By JOEL STOTTRUP
Police Chiefs Brian Payne in Princeton and Todd Quaintance in Milaca oppose stricter gun controls.
The two police chiefs gave those viewpoints during interviews last week, nearly a month after a massacre in Newtown, Conn., in which the shooter left 27 dead before taking his life.
The massacre, another in a long line of mass shootings in schools in the past dozen years, spurred a renewed debate on gun control. The debate has proponents on both sides voicing strong opinions on gun control.
Quaintance, besides being Milaca’s police chief for more than a year, has been a volunteer firearms safety instructor with the Minnesota Department of Natural Resources (DNR) since the late 1990s.

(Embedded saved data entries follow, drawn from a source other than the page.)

(* Let $(G,c,r)$ be an instance of the metric Many-Visits TSP and let $\alpha\geq1$. Let $T_1$ be a Hamiltonian cycle in $G$ (a single-visit TSP tour) with $c(T_1)\leq\alpha\cdot c(\mathrm{OPT}_1)$, where $\mathrm{OPT}_1$ is an optimal single-visit tour, and let $P\in\mathbb{Z}_{\geq0}^E$ be an optimal solution of the transportation problem with prescriptions $r-1$, i.e. a minimum-cost $P$ with $d_P(v)=2(r(v)-1)$ for all $v\in V$. Then the multigraph $T=T_1+P$ is a feasible solution of the Many-Visits TSP instance $(G,c,r)$, and $c(T)\leq(\alpha+1)\cdot c(\mathrm{OPT}_r)$, where $\mathrm{OPT}_r$ is an optimal Many-Visits TSP solution for $(G,c,r)$.
   Context: $G=(V,E)$ is the complete undirected graph on $n$ vertices with a self-loop at each vertex; $d_x(v)$ is the sum of $x$-values of edges incident to $v$, the self-loop counted twice. Costs $c:E\to\mathbb{R}_{\geq0}$ satisfy the triangle inequality, including $c(vv)\leq 2c(uv)$ for all $u,v$. A feasible Many-Visits TSP solution for requests $r:V\to\mathbb{Z}_{\geq1}$ is $z\in\mathbb{Z}_{\geq0}^E$ with $d_z(v)=2r(v)$ for all $v$ and $(V,\mathrm{supp}(z))$ connected; its cost is $\sum_e c(e)z(e)$. The transportation problem with prescriptions $q:V\to\mathbb{Z}_{\geq0}$ asks for a minimum-cost $z\in\mathbb{Z}_{\geq0}^E$ with $d_z(v)=2q(v)$ for all $v$ (no connectivity). For multigraphs $H_1,H_2$ on $V$, $H_1+H_2$ is the union of their edge multisets. *)

theory Defs
  imports Complex_Main
begin

text \<open>Edges of the complete graph with a self-loop at each vertex, on the vertex set V:
  an edge is the set {u,v} (a self-loop is the singleton {v}).
  Multigraphs / integer edge vectors are functions x :: 'a set \<Rightarrow> nat, only their
  values on the edges matter.\<close>

definition edges :: "'a set \<Rightarrow> 'a set set" where
  "edges V = {e. \<exists>u\<in>V. \<exists>v\<in>V. e = {u, v}}"

definition deg :: "'a set \<Rightarrow> ('a set \<Rightarrow> nat) \<Rightarrow> 'a \<Rightarrow> nat" where
  "deg V x v = (\<Sum>e\<in>edges V. if v \<in> e then (if e = {v} then 2 else 1) * x e else 0)"

definition cost :: "'a set \<Rightarrow> ('a set \<Rightarrow> real) \<Rightarrow> ('a set \<Rightarrow> nat) \<Rightarrow> real" where
  "cost V c x = (\<Sum>e\<in>edges V. c e * real (x e))"

text \<open>Metric costs: nonnegative and satisfying the triangle inequality, including for
  self-loops (taking w = u gives c(uu) \<le> 2 c(uv)).\<close>
definition metric_cost :: "'a set \<Rightarrow> ('a set \<Rightarrow> real) \<Rightarrow> bool" where
  "metric_cost V c \<longleftrightarrow> (\<forall>e\<in>edges V. c e \<ge> 0) \<and>
     (\<forall>u\<in>V. \<forall>v\<in>V. \<forall>w\<in>V. c {u, w} \<le> c {u, v} + c {v, w})"

definition supp_connected :: "'a set \<Rightarrow> ('a set \<Rightarrow> nat) \<Rightarrow> bool" where
  "supp_connected V x \<longleftrightarrow>
     (\<forall>u\<in>V. \<forall>v\<in>V. (u, v) \<in> ({(a, b). a \<in> V \<and> b \<in> V \<and> x {a, b} > 0})\<^sup>*)"

definition mvtsp_feasible :: "'a set \<Rightarrow> ('a \<Rightarrow> nat) \<Rightarrow> ('a set \<Rightarrow> nat) \<Rightarrow> bool" where
  "mvtsp_feasible V r z \<longleftrightarrow> (\<forall>v\<in>V. deg V z v = 2 * r v) \<and> supp_connected V z"

definition mvtsp_opt :: "'a set \<Rightarrow> ('a set \<Rightarrow> real) \<Rightarrow> ('a \<Rightarrow> nat) \<Rightarrow> real" where
  "mvtsp_opt V c r = Inf {cost V c z | z. mvtsp_feasible V r z}"

text \<open>A (single-visit) TSP tour = Hamiltonian cycle = feasible solution with all requests 1.\<close>
definition tsp_tour :: "'a set \<Rightarrow> ('a set \<Rightarrow> nat) \<Rightarrow> bool" where
  "tsp_tour V z \<longleftrightarrow> mvtsp_feasible V (\<lambda>_. 1) z"

definition transport_opt :: "'a set \<Rightarrow> ('a set \<Rightarrow> real) \<Rightarrow> ('a \<Rightarrow> nat) \<Rightarrow> ('a set \<Rightarrow> nat) \<Rightarrow> bool" where
  "transport_opt V c q P \<longleftrightarrow> (\<forall>v\<in>V. deg V P v = 2 * q v) \<and>
     (\<forall>Q. (\<forall>v\<in>V. deg V Q v = 2 * q v) \<longrightarrow> cost V c P \<le> cost V c Q)"

end

theory Submission
  imports Defs
begin

text \<open>
  \<open>T1 + P\<close> has degree \<open>2 + 2(r v - 1)\<close> at every vertex and contains the connected
  tour \<open>T1\<close>, so it is feasible. Both lower bounds on \<open>OPT\<^sub>r\<close> come from shortcutting a
  feasible solution \<open>z\<close>: replacing two edges \<open>va, vb\<close> by the edge \<open>ab\<close> (or dropping a
  loop at \<open>v\<close>) lowers the degree of \<open>v\<close> by two and, by the triangle inequality, does
  not increase the cost. Shortcutting down to degrees \<open>2(r v - 1)\<close> yields a transportation
  solution, so \<open>c(P) \<le> c(OPT\<^sub>r)\<close>. Shortcutting down to degree 2 everywhere while keeping
  the support connected yields a Hamiltonian cycle, so \<open>c(OPT\<^sub>1) \<le> c(OPT\<^sub>r)\<close>.
  Connectivity can be kept at a vertex of degree at least 4: after deleting one edge \<open>va\<close>,
  the vertices \<open>v\<close> and \<open>a\<close> are the only odd ones, hence still connected, and the second
  edge \<open>vb\<close> is chosen off such a \<open>v\<close>--\<open>a\<close> path.
\<close>

lemma finite_edges: "finite V \<Longrightarrow> finite (edges V)"
  unfolding edges_def by (rule finite_subset[of _ "Pow V"]) auto

lemma doubleton_in_edges: "p \<in> V \<Longrightarrow> q \<in> V \<Longrightarrow> {p, q} \<in> edges V"
  unfolding edges_def by auto

lemma deg_plus: "deg V (\<lambda>e. x e + y e) u = deg V x u + deg V y u"
  unfolding deg_def by (auto simp: sum.distrib[symmetric] distrib_left intro!: sum.cong)

lemma cost_plus: "cost V c (\<lambda>e. x e + y e) = cost V c x + cost V c y"
  unfolding cost_def by (auto simp: sum.distrib[symmetric] distrib_left intro!: sum.cong)

lemma cost_nonneg: "metric_cost V c \<Longrightarrow> 0 \<le> cost V c x"
  unfolding cost_def metric_cost_def by (auto intro!: sum_nonneg)

lemma deg_eq_sum_neighbours:
  assumes "finite V" "s \<in> V"
  shows "deg V x s = (\<Sum>b\<in>V. (if b = s then 2 else 1) * x {s, b})"
proof -
  have inj: "inj_on (\<lambda>b. {s, b}) V"
    by (auto intro!: inj_onI simp: doubleton_eq_iff)
  have img: "(\<lambda>b. {s, b}) ` V = {e \<in> edges V. s \<in> e}"
    using assms(2) unfolding edges_def by blast
  have "deg V x s = (\<Sum>e\<in>{e \<in> edges V. s \<in> e}. (if e = {s} then 2 else 1) * x e)"
    unfolding deg_def using finite_edges[OF assms(1)] by (simp add: sum.inter_filter)
  also have "\<dots> = (\<Sum>b\<in>V. (if {s, b} = {s} then 2 else 1) * x {s, b})"
    unfolding img[symmetric] by (simp add: sum.reindex[OF inj])
  finally show ?thesis by (simp add: doubleton_eq_iff eq_commute)
qed

lemma exists_other_neighbour:
  assumes "finite V" "s \<in> V" "p \<in> V" "x {s} = 0" "x {s, p} < deg V x s"
  shows "\<exists>b\<in>V. b \<noteq> s \<and> b \<noteq> p \<and> 0 < x {s, b}"
proof (rule ccontr)
  assume "\<not> ?thesis"
  then have "\<forall>b\<in>V. (if b = s then 2 else 1) * x {s, b} = (if b = p then x {s, p} else 0)"
    using assms(4) by auto
  then have "deg V x s = x {s, p}"
    using assms(1-3) by (simp add: deg_eq_sum_neighbours)
  then show False using assms(5) by simp
qed

definition add_edge :: "('a set \<Rightarrow> nat) \<Rightarrow> 'a \<Rightarrow> 'a \<Rightarrow> 'a set \<Rightarrow> nat" where
  "add_edge x p q = x({p, q} := x {p, q} + 1)"

definition del_edge :: "('a set \<Rightarrow> nat) \<Rightarrow> 'a \<Rightarrow> 'a \<Rightarrow> 'a set \<Rightarrow> nat" where
  "del_edge x p q = x({p, q} := x {p, q} - 1)"

lemma add_edge_eq_plus: "add_edge x p q = (\<lambda>e. x e + (if e = {p, q} then 1 else 0))"
  unfolding add_edge_def by auto

lemma add_del_edge: "0 < x {p, q} \<Longrightarrow> add_edge (del_edge x p q) p q = x"
  unfolding add_edge_def del_edge_def by auto

lemma deg_add_edge:
  assumes "finite V" "p \<in> V" "q \<in> V"
  shows "deg V (add_edge x p q) u = deg V x u + (if u = p then 1 else 0) + (if u = q then 1 else 0)"
proof -
  have "deg V (\<lambda>e. if e = {p, q} then 1 else 0) u
      = (\<Sum>e\<in>edges V. if e = {p, q} then (if u \<in> e then if e = {u} then 2 else 1 else 0) else 0)"
    unfolding deg_def by (auto intro!: sum.cong)
  also have "\<dots> = (if u \<in> {p, q} then if {p, q} = {u} then 2 else 1 else 0)"
    using assms by (simp add: finite_edges doubleton_in_edges)
  finally show ?thesis
    unfolding add_edge_eq_plus deg_plus by (auto simp: doubleton_eq_iff)
qed

lemma cost_add_edge:
  assumes "finite V" "p \<in> V" "q \<in> V"
  shows "cost V c (add_edge x p q) = cost V c x + c {p, q}"
proof -
  have "cost V c (\<lambda>e. if e = {p, q} then 1 else 0) = (\<Sum>e\<in>edges V. if e = {p, q} then c e else 0)"
    unfolding cost_def by (auto intro!: sum.cong)
  also have "\<dots> = c {p, q}"
    using assms by (simp add: finite_edges doubleton_in_edges)
  finally show ?thesis
    unfolding add_edge_eq_plus cost_plus by simp
qed

lemma deg_del_edge:
  assumes "finite V" "p \<in> V" "q \<in> V" "0 < x {p, q}"
  shows "deg V (del_edge x p q) u + (if u = p then 1 else 0) + (if u = q then 1 else 0) = deg V x u"
  using deg_add_edge[OF assms(1-3), of "del_edge x p q" u] by (simp add: add_del_edge[of x p q, OF assms(4)])

lemma cost_del_edge:
  assumes "finite V" "p \<in> V" "q \<in> V" "0 < x {p, q}"
  shows "cost V c (del_edge x p q) + c {p, q} = cost V c x"
  using cost_add_edge[OF assms(1-3), of c "del_edge x p q"] by (simp add: add_del_edge[of x p q, OF assms(4)])

definition shortcut :: "('a set \<Rightarrow> nat) \<Rightarrow> 'a \<Rightarrow> 'a \<Rightarrow> 'a \<Rightarrow> 'a set \<Rightarrow> nat" where
  "shortcut x v a b = add_edge (del_edge (del_edge x v a) v b) a b"

lemma deg_shortcut:
  assumes "finite V" "v \<in> V" "a \<in> V" "b \<in> V" "0 < x {v, a}" "0 < del_edge x v a {v, b}"
  shows "deg V (shortcut x v a b) u + (if u = v then 2 else 0) = deg V x u"
  using deg_del_edge[where x=x, OF assms(1,2,3,5), of u]
    deg_del_edge[where x="del_edge x v a", OF assms(1,2,4,6), of u]
    deg_add_edge[OF assms(1,3,4), of "del_edge (del_edge x v a) v b" u]
  unfolding shortcut_def by auto

lemma cost_shortcut_le:
  assumes "metric_cost V c" "finite V" "v \<in> V" "a \<in> V" "b \<in> V"
    and "0 < x {v, a}" "0 < del_edge x v a {v, b}"
  shows "cost V c (shortcut x v a b) \<le> cost V c x"
proof -
  have "c {a, b} \<le> c {a, v} + c {v, b}"
    using assms(1,3-5) unfolding metric_cost_def by blast
  then show ?thesis
    using cost_del_edge[where x=x, OF assms(2,3,4,6), of c]
      cost_del_edge[where x="del_edge x v a", OF assms(2,3,5,7), of c]
      cost_add_edge[OF assms(2,4,5), of c "del_edge (del_edge x v a) v b"]
    unfolding shortcut_def by (simp add: insert_commute)
qed

lemma deg_del_loop:
  assumes "finite V" "v \<in> V" "0 < x {v}"
  shows "deg V (del_edge x v v) u + (if u = v then 2 else 0) = deg V x u"
  using deg_del_edge[where x=x, OF assms(1,2,2), of u] assms(3) by auto

lemma cost_del_loop_le:
  assumes "metric_cost V c" "finite V" "v \<in> V" "0 < x {v}"
  shows "cost V c (del_edge x v v) \<le> cost V c x"
proof -
  have "0 \<le> c {v}"
    using assms(1,3) doubleton_in_edges[OF assms(3,3)] unfolding metric_cost_def by auto
  then show ?thesis using cost_del_edge[where x=x, OF assms(2,3,3), of c] assms(4) by simp
qed

definition supp_rel :: "'a set \<Rightarrow> ('a set \<Rightarrow> nat) \<Rightarrow> ('a \<times> 'a) set" where
  "supp_rel V x = {(a, b). a \<in> V \<and> b \<in> V \<and> 0 < x {a, b}}"

lemma supp_connected_iff: "supp_connected V x \<longleftrightarrow> (\<forall>u\<in>V. \<forall>v\<in>V. (u, v) \<in> (supp_rel V x)\<^sup>*)"
  unfolding supp_connected_def supp_rel_def by simp

lemma sym_rtrancl_supp_rel: "sym ((supp_rel V x)\<^sup>*)"
  by (rule sym_rtrancl) (auto simp: sym_def supp_rel_def insert_commute)

lemma supp_connected_mono:
  assumes "supp_connected V x" "supp_rel V x \<subseteq> (supp_rel V y)\<^sup>*"
  shows "supp_connected V y"
  using assms rtrancl_subset_rtrancl unfolding supp_connected_iff by blast

lemma even_sum_deg_closed:
  assumes "finite V" "C \<subseteq> V" "\<forall>a\<in>C. \<forall>b\<in>V. 0 < x {a, b} \<longrightarrow> b \<in> C"
  shows "even (\<Sum>u\<in>C. deg V x u)"
proof -
  have "(\<Sum>u\<in>C. deg V x u) = (\<Sum>e\<in>edges V. \<Sum>u\<in>C. if u \<in> e then (if e = {u} then 2 else 1) * x e else 0)"
    unfolding deg_def by (rule sum.swap)
  also have "even \<dots>"
  proof (rule dvd_sum)
    fix e assume "e \<in> edges V"
    then obtain p q where e: "e = {p, q}" "p \<in> V" "q \<in> V" unfolding edges_def by auto
    have fC: "finite C" using assms(1,2) finite_subset by auto
    show "even (\<Sum>u\<in>C. if u \<in> e then (if e = {u} then 2 else 1) * x e else 0)"
    proof (cases "x e = 0 \<or> p \<notin> C \<and> q \<notin> C")
      case True then show ?thesis using e by (subst sum.neutral) auto
    next
      case False
      then have "e \<subseteq> C" using assms(3) e by (auto simp: insert_commute)
      then have "C \<inter> e = e" by blast
      moreover have "(\<Sum>u\<in>C. if u \<in> e then (if e = {u} then 2 else 1) * x e else 0)
          = (\<Sum>u\<in>C \<inter> e. (if e = {u} then 2 else 1) * x e)"
        using fC by (simp add: sum.inter_restrict)
      ultimately show ?thesis using e by (cases "p = q") (auto simp: doubleton_eq_iff)
    qed
  qed
  finally show ?thesis .
qed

Asked for his stance in the gun control debate, Quaintance said: “I’m not a person who believes gun control laws will prevent all the shootings that are happening.”
People intent on doing harm with firearms will still be able to get them through taking firearms that others have obtained legally, and that is the case in so many shootings, Quaintance explained.
Ideas for stemming the violence?
Quaintance recommends that all of the community, including school-age persons, “get involved” in trying to prevent violence with firearms, because law enforcement can’t by itself be the answer. If someone has any indication that a shooting will or might take place, they should immediately contact law enforcement or another authority figure that can act on that information, Quaintance said.
“If the community understands the importance of reporting potential behavior, then law enforcement and the community can come together to prevent,” he said. In most mass killings, someone had an indicator that it was about to occur, “and people should not stand by quietly and let bad things happen to other people.”